The roots of the Satyam accounting fraud lie in the way Indian IT companies report their earnings and ready acceptance by investors and analysts alike, according to a study by global risk consultancy firm Kroll.
"At the turn of the millennium, one of India's leading software export and outsourcing companies began the trend of self-reporting a range of non-standard data to investors. Since then it has become common for IT companies to present, in addition to the usual income statements and balance sheets, a set of operational metrics which they themselves create and their own assessment of performance achieved against them," the study said.
The metrics – including employees billing rates per hour, percentage of revenue earned from top clients and geographic mix of client base and profit guidance among others – are helpful in tracking performance of a complex and innovative business like IT.
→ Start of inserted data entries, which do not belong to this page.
(* Let $\mathcal A$ be a well-structured abstract domain with abstraction function $\alpha:\mathcal Q\to\mathcal A$. For any $R_1,R_2\subseteq\mathcal D(\mathcal H_V)$, if $\alpha_s(R_1)=\alpha_s(R_2)$ then $\alpha(R_1)=\alpha(R_2)$. Consequently $\alpha=\alpha\circ\gamma_s\circ\alpha_s$.
   Context: Fix a finite set $V$ of quantum variables, each a qubit with state space $\mathcal H_q\cong\mathbb C^2$; $\mathcal H_V=\bigotimes_{q\in V}\mathcal H_q$. $\mathcal D(\mathcal H_V)$ is the set of partial density operators on $\mathcal H_V$ (positive operators of trace at most $1$); $\lceil\rho\rceil$ denotes the support (image space) of $\rho$. The concrete domain is $\mathcal Q=2^{\mathcal D(\mathcal H_V)}$ ordered by inclusion. A pair of monotone maps $(\alpha,\gamma)$ between posets is a Galois connection if $c\le\gamma(a)\iff\alpha(c)\le a$, and a Galois embedding if moreover $\alpha\circ\gamma=\mathrm{id}$. A complete lattice $(\mathcal A,\le_{\mathcal A},\vee,\wedge,\bot,\top)$ with monotone $\alpha:\mathcal Q\to\mathcal A$, $\gamma:\mathcal A\to\mathcal Q$ is a well-structured abstract domain if (a) $(\alpha,\gamma)$ is a Galois embedding, and (b) for any family $\rho_i\in\mathcal D(\mathcal H_V)$ and reals $x_i>0$ with $\sum_i x_i\rho_i\in\mathcal D(\mathcal H_V)$, $\alpha(\sum_i x_i\rho_i)=\bigvee_i\alpha(\rho_i)$, where $\alpha(\rho)=\alpha(\{\rho\})$. The subspace domain $\mathcal S(\mathcal H_V)$ is the set of all subspaces of $\mathcal H_V$ ordered by inclusion, with join $P\vee Q=\mathrm{span}(P\cup Q)$ and meet $\cap$; its functions are $\gamma_s(P)=\{\rho\in\mathcal D(\mathcal H_V):\lceil\rho\rceil\subseteq P\}$ and $\alpha_s(R)=\bigvee\{\lceil\rho\rceil:\rho\in R\}$. *)

theory Defs
  imports Complex_Main
begin

text \<open>The finite set V of quantum variables is modelled by a finite type 'q.
  Each variable is a qubit, so the computational basis of H_V is indexed by
  assignments 'q \<Rightarrow> bool; vectors of H_V are functions from basis states to
  complex amplitudes, and operators on H_V are matrices in that basis.\<close>

type_synonym 'q basis = "'q \<Rightarrow> bool"
type_synonym 'q vec = "'q basis \<Rightarrow> complex"
type_synonym 'q op = "'q basis \<Rightarrow> 'q basis \<Rightarrow> complex"

definition apply_op :: "('q::finite) op \<Rightarrow> 'q vec \<Rightarrow> 'q vec" where
  "apply_op A v = (\<lambda>i. \<Sum>j\<in>UNIV. A i j * v j)"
Analysts and investors have been interested in guidance on likely profits for the next accounting period. This is because IT firms have recorded consistent increase in revenues and profits – as high as 30 per cent per annum.
However, these are arbitrary and self-reported measures, entirely assessed by the company and add an "opaque layer to disclosures through which investors and analysts cannot objectively probe", it said.
An objective investor scrutiny of the reported performance in these self-developed measures has been missing. It has been difficult, sometimes impossible, to verify claims like employee utilisation or client mix. Company executives also rarely reveal anything more than that which has already been announced. Moreover, accounting statements are never been compared against the reported performance metrics.
Stock market regulators monitor only reported earnings and data on stock trading by insiders, and disclosures related to these. They do not typically follow investor conference calls, corporate media announcements and metrics like profit guidance among others.
Stock analysts, when faced with unsatisfactory responses simply lower stock price estimates by a certain percentage and move on.
The Satyam scandal also suggests that corporate governance concerns do not always rank as high as they should in the selection criteria for these directors. Satyam's independent directors have already made an early exit and washed their hands of the problem, leaving the regulatory authorities to deal with other directors.